Depending on the feedstocks you start with and the final product you want, he says, those building blocks could be monomers that you can then resynthesize into pure polymers, minus all the dyes, additives, foil layers, and whatnot found in the original. Or the building blocks could be a mix of short-chain molecular fragments similar to the hydrocarbon mix that plastics are made from in the first place. From there, says Cookson, you can make not only new plastics, but virtually anything else, including waxes, lubricants, chemicals and even transportation fuels.
Chemical companies and academic scientists have spent decades figuring out how to do all this in the laboratory. True, thermoset plastics are still a challenge: One research frontier is to find ways of chemically recycling them without using lots of heat and energy. (The process would still require some fairly fierce chemical solvents). One promising approach is to change the way plastics are made to begin with, by augmenting the polymer matrix with monomers that will be strong while the product is in use, but that will break apart much more easily at recycling time.

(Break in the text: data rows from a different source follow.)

lemma NA_twin:
  assumes x: "x \<in> V" and NA_x: "NA x"
  shows "NA (twin x)"
  using NA_x adj_commute[OF x twin_in_V[OF x]] unfolding NA_vertex_def twin_twin[OF x] by simp

lemma Cset_mate:
  assumes x: "x \<in> V" and NA_x: "NA x"
  shows "C (mate x) = C x"
  unfolding Cset_def mate_of_NA[OF x NA_x] by auto

lemma Cset_twin:
  assumes x: "x \<in> V" and NA_x: "NA x"
  shows "C (twin x) = C x"
  using mate_of_NA[OF twin_in_V[OF x] NA_twin[OF x NA_x]]
  unfolding Cset_def twin_twin[OF x] mate_of_NA(1)[OF x NA_x] by auto

lemma Cset_eq_if_mem:
  assumes x: "x \<in> V" and NA_x: "NA x" and z: "z \<in> C x"
  shows "C z = C x"
proof -
  have "z = x \<or> z = mate x \<or> z = twin x \<or> z = mate (twin x)"
    using z unfolding Cset_def mate_of_NA[OF x NA_x] by blast
  then show ?thesis
    using Cset_mate[OF x NA_x] Cset_twin[OF x NA_x]
      Cset_mate[OF twin_in_V[OF x] NA_twin[OF x NA_x]] by auto
qed

lemma Cset_disjoint:
  assumes "x \<in> V" "NA x" "y \<in> V" "NA y" "C x \<noteq> C y"
  shows "C x \<inter> C y = {}"
  using Cset_eq_if_mem assms by blast

lemma adj_twin_if_adj:
  assumes u: "u \<in> V" "NA u" and w: "w \<in> V" "E u w" "w \<noteq> mate u"
  shows "E u (twin w)"
proof (rule ccontr)
  assume "\<not> E u (twin w)"
  then have "u \<in> N w - N (twin w)"
    using adj_commute[OF u(1) w(1)] adj_commute[OF u(1) twin_in_V[OF w(1)]] u w twin_in_V
    by (auto simp: mem_N_iff)
  then have u_mate: "u = mate w"
    using N_Diff_N_twin[OF w(1)] by blast
  show False
  proof (cases "NA w")
    case True
    then show False
      using mate_of_NA(2)[OF w(1) True] u_mate w(3) by simp
  next
    case False
    then have "twin w \<in> N w - N (twin w)"
      using twin_in_V[OF w(1)] not_adj_self by (auto simp: mem_N_iff NA_vertex_def)
    then have "twin u = w"
      using N_Diff_N_twin[OF w(1)] u_mate twin_twin[OF w(1)] by auto
    then show False
      using u w(2) unfolding NA_vertex_def by simp
  qed
qed

lemma twin_mem_common_nbrs_Diff_mates:
  assumes x: "x \<in> V" "NA x" and y: "y \<in> V" "NA y"
    and w: "w \<in> N x \<inter> N y - {mate x, mate y}"
  shows "twin w \<in> N x \<inter> N y - {mate x, mate y}"
proof -
  have w_V: "w \<in> V"
    using w by (simp add: mem_N_iff)
  have "twin w \<noteq> mate u" if u: "u \<in> V" "NA u" "E u w" for u
  proof
    assume "twin w = mate u"
    then have "w = mate (twin u)"
      using twin_twin[OF w_V] mate_of_NA(1)[OF u(1,2)] by metis
    then show False
      using not_adj_mate_twin[OF u(1)] u(3) by simp
  qed
  moreover have "E x w" "E y w" "w \<noteq> mate x" "w \<noteq> mate y"
    using w by (auto simp: mem_N_iff)
  ultimately show ?thesis
    using adj_twin_if_adj[OF x w_V] adj_twin_if_adj[OF y w_V] twin_in_V[OF w_V] x y
    by (auto simp: mem_N_iff)
qed

lemma even_card_common_nbrs_Diff_mates:
  assumes "x \<in> V" "NA x" "y \<in> V" "NA y"
  shows "even (card (N x \<inter> N y - {mate x, mate y}))"
proof (rule even_card_if_fixpoint_free_involution[where f = twin])
  fix w assume w: "w \<in> N x \<inter> N y - {mate x, mate y}"
  then have "w \<in> V"
    by (simp add: mem_N_iff)
  then show "twin w \<in> N x \<inter> N y - {mate x, mate y}" "twin w \<noteq> w" "twin (twin w) = w"
    using twin_mem_common_nbrs_Diff_mates[OF assms w] twin_neq twin_twin by auto
qed (simp add: finite_N)

lemma even_a:
  assumes x: "x \<in> V" and NA_x: "NA x"
  shows "even a"
proof -
  have p: "mate x \<in> V" "NA (mate x)" "E x (mate x)"
    using mate_in_V[OF x] mate_of_NA(3)[OF x NA_x] adj_mate[OF x] .
  have "mate x \<noteq> x" "mate x \<noteq> twin x"
    using p(3) not_adj_self[OF x] NA_x unfolding NA_vertex_def by auto
  then have "card (N x \<inter> N (mate x)) = a"
    using card_N_Int_N_other[OF x p(1)] by simp
  moreover have "N x \<inter> N (mate x) - {mate x, mate (mate x)} = N x \<inter> N (mate x)"
    using not_adj_self x p(1) mate_of_NA(2)[OF x NA_x] by (auto simp: mem_N_iff)
  ultimately show ?thesis
    using even_card_common_nbrs_Diff_mates[OF x NA_x p(1,2)] by simp
qed

lemma adj_mate_iff_adj_mate:
  assumes x: "x \<in> V" "NA x" and y: "y \<in> V" "NA y" and C_neq: "C x \<noteq> C y"
  shows "E (mate x) y \<longleftrightarrow> E x (mate y)"
proof -
  define I where "I = N x \<inter> N y"
  have "C x \<inter> C y = {}"
    using Cset_disjoint[OF x y C_neq] .
  then have "y \<noteq> x" "y \<noteq> twin x" "mate x \<noteq> mate y"
    unfolding Cset_def by auto
  then have "a = card (I \<inter> {mate x, mate y}) + card (I - {mate x, mate y})"
    using card_N_Int_N_other[OF x(1) y(1)] card_Int_Diff[of I] finite_N
    unfolding I_def by simp
  also have "card (I \<inter> {mate x, mate y}) = of_bool (mate x \<in> I) + of_bool (mate y \<in> I)"
    using \<open>mate x \<noteq> mate y\<close> by (simp add: Int_insert_right)
  finally have "even (of_bool (mate x \<in> I) + of_bool (mate y \<in> I) :: nat)"
    using even_a[OF x] even_card_common_nbrs_Diff_mates[OF x y] unfolding I_def by simp
  moreover have "mate x \<in> I \<longleftrightarrow> E (mate x) y" "mate y \<in> I \<longleftrightarrow> E x (mate y)"
    using mate_in_V adj_mate adj_commute[OF mate_in_V[OF x(1)] y(1)] x(1) y(1)
    unfolding I_def by (auto simp: mem_N_iff)
  ultimately show ?thesis
    by auto
qed

end

theorem lemma16:
  fixes V :: "'a set" and E :: "'a \<Rightarrow> 'a \<Rightarrow> bool" and n k a :: nat and x y :: 'a
  assumes "deza_graph V E n k (k - 1) a"
    and "k > 1"
    and "\<forall>v\<in>V. deza_beta V E (k - 1) v = 1"
    and "x \<in> V" and "y \<in> V"
    and "NA_vertex V E (k - 1) x" and "NA_vertex V E (k - 1) y"
    and "Cset V E (k - 1) x \<noteq> Cset V E (k - 1) y"
  shows "(E (vprime V E (k - 1) x) y \<longleftrightarrow> E x (vprime V E (k - 1) y))
       \<and> (E x y \<longleftrightarrow> E (vprime V E (k - 1) x) (vprime V E (k - 1) y))"
proof -
  interpret deza_graph_beta1 V E n k "k - 1" a
    using assms(1-3) by unfold_locales simp_all
  note x = assms(4,6) and y = assms(5,7)
  have mate_y: "mate y \<in> V" "NA (mate y)" "C (mate y) \<noteq> C x"
    using mate_in_V[OF y(1)] mate_of_NA(3)[OF y] Cset_mate[OF y] assms(8) by auto
  show ?thesis
    using adj_mate_iff_adj_mate[OF x y assms(8)] adj_mate_iff_adj_mate[OF x mate_y(1,2)] mate_y(3)
      mate_of_NA(2)[OF y] by auto
qed

end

Still, says Cookson, many of the chemical recycling techniques are already quite mature. And since 2018, when it became virtually impossible to sell sorted plastics to recycling mills in China, there has been a concerted effort to deploy these methods on a commercial scale. “Certainly in the last two years we’ve seen a huge uptick in announcements of recycling projects,” he says. According to a 2019 report by Closed Loop Partners, a New York-based investment firm that invests in circular-economy-related startups, that list includes more than 40 plastics recycling plants that are either operating or scheduled to open within the next few years in the United States and Canada alone. At least some of those plants are expected to incorporate chemical recycling technology.
Of course, notes Pete Keller, a vice president at the Arizona-based waste management firm Republic Services, these new technologies still have a lot to prove — starting with whether or not their products can compete with virgin plastics made from cheap natural gas. “But there’s a lot of smart people working on this and trying to figure it out,” he says.